Through a recent discussion with a colleague, I discovered that the strip mall where I shop quite a bit is the site of the former Midway Plantation. We not only discussed the physical location of the plantation, but other residual attributes that may not have moved on when the buildings were gone. I’ll delve into specifics of my meaning as the history of Midway Plantation unfolds; there will be multiple blogs on this plantation subject.
To know that I’d weekly visited or passed by a plantation of any name, scared and intrigued my senses. Thank heaven above it is not the nineteen hundreds; otherwise as an African American hanging around this site, my future would not shine brightly. The next time I visit Ross, or Michaels, or Target, I don’t believe I will view the land quite the same again.
It is not that I will look upon this stretch with a negative light, but I would be remised if I did not ponder questions about the day to day lives of three-hundred to four hundred slaves who once lived there. Any plantation worth its salt had at least that many.
As a paranormal writer, my intuitive nature, coupled with a powerful imagination will construct a scene, picturing the plantation house and outbuildings. I might even spot a woman who looks like me, although her clothing and status in society is one cast in a stone she cannot openly escape from. She is not free to choose as I am.

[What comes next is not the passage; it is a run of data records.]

lemma subgroup_center_of:
  assumes H: "subgroup H G"
  shows "subgroup (center_of G H) G"
proof (rule subgroupI)
  show "center_of G H \<subseteq> carrier G" "center_of G H \<noteq> {}"
    using subgroup.subset[OF H] subgroup.one_closed[OF H] subgroup.mem_carrier[OF H]
    by (auto simp: center_of_def)
next
  fix a assume a: "a \<in> center_of G H"
  have aG: "a \<in> carrier G" using subgroup.mem_carrier[OF H center_ofD(1)[OF a]] .
  have "inv a \<otimes> x = x \<otimes> inv a" if x: "x \<in> H" for x
  proof -
    have xG: "x \<in> carrier G" using subgroup.mem_carrier[OF H x] .
    have "inv a \<otimes> x = inv a \<otimes> (x \<otimes> a) \<otimes> inv a" using aG xG by (simp add: m_assoc)
    also have "\<dots> = inv a \<otimes> (a \<otimes> x) \<otimes> inv a" using center_ofD(2)[OF a x] by simp
    also have "\<dots> = x \<otimes> inv a" using aG xG by (simp add: m_assoc[symmetric])
    finally show ?thesis .
  qed
  then show "inv a \<in> center_of G H"
    using subgroup.m_inv_closed[OF H center_ofD(1)[OF a]] by (simp add: center_of_def)
next
  fix a b assume a: "a \<in> center_of G H" and b: "b \<in> center_of G H"
  have aG: "a \<in> carrier G" using subgroup.mem_carrier[OF H center_ofD(1)[OF a]] .
  have bG: "b \<in> carrier G" using subgroup.mem_carrier[OF H center_ofD(1)[OF b]] .
  have "a \<otimes> b \<otimes> x = x \<otimes> (a \<otimes> b)" if x: "x \<in> H" for x
  proof -
    have xG: "x \<in> carrier G" using subgroup.mem_carrier[OF H x] .
    have "a \<otimes> b \<otimes> x = a \<otimes> (x \<otimes> b)" using center_ofD(2)[OF b x] aG bG xG by (simp add: m_assoc)
    also have "\<dots> = x \<otimes> a \<otimes> b" using center_ofD(2)[OF a x] aG bG xG by (simp add: m_assoc[symmetric])
    finally show ?thesis using aG bG xG by (simp add: m_assoc)
  qed
  then show "a \<otimes> b \<in> center_of G H"
    using subgroup.m_closed[OF H center_ofD(1)[OF a] center_ofD(1)[OF b]] by (simp add: center_of_def)
qed

lemma subset_set_mult_left: "subgroup K G \<Longrightarrow> H \<subseteq> carrier G \<Longrightarrow> H \<subseteq> H <#> K"
  unfolding set_mult_def by (force dest: subgroup.one_closed)

lemma subset_set_mult_right: "subgroup H G \<Longrightarrow> K \<subseteq> carrier G \<Longrightarrow> K \<subseteq> H <#> K"
  unfolding set_mult_def by (force dest: subgroup.one_closed)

History says that the original Midway Plantation house and outbuildings were constructed in the mid nineteenth century about 0.75 miles west of the present day highway 64, Wake County, Knightdale NC. When the plantation thrived, highway 64, my main route out of the complex where I live, was a wagon trail. History also said that a two-story plantation house was constructed in eighteen forty-eight by Charles Lewis Hinton as a wedding gift to his son, David, and daughter-in-law, Mary Boddie Carr, and was named for its positioning halfway between Beaver Dam, The Oaks, and two other Hinton family properties.
Other onsite construction included a kitchen, carriage house, kitchen, smokehouse, potato house, well house, ice house, cotton gin, loom house, doll house, two stables, office, school, and several salve quarters.
In June of two-thousand five, the house and surviving outbuildings were moved about 2 miles north of their original location to make way for the present shopping center. I know that center as Shoppes At Midway, Knightdale NC.
This is the first in a series of blog about Midway Plantation. My fascination includes its rich heritage, whites with mixed raced cousin, and…ghosts.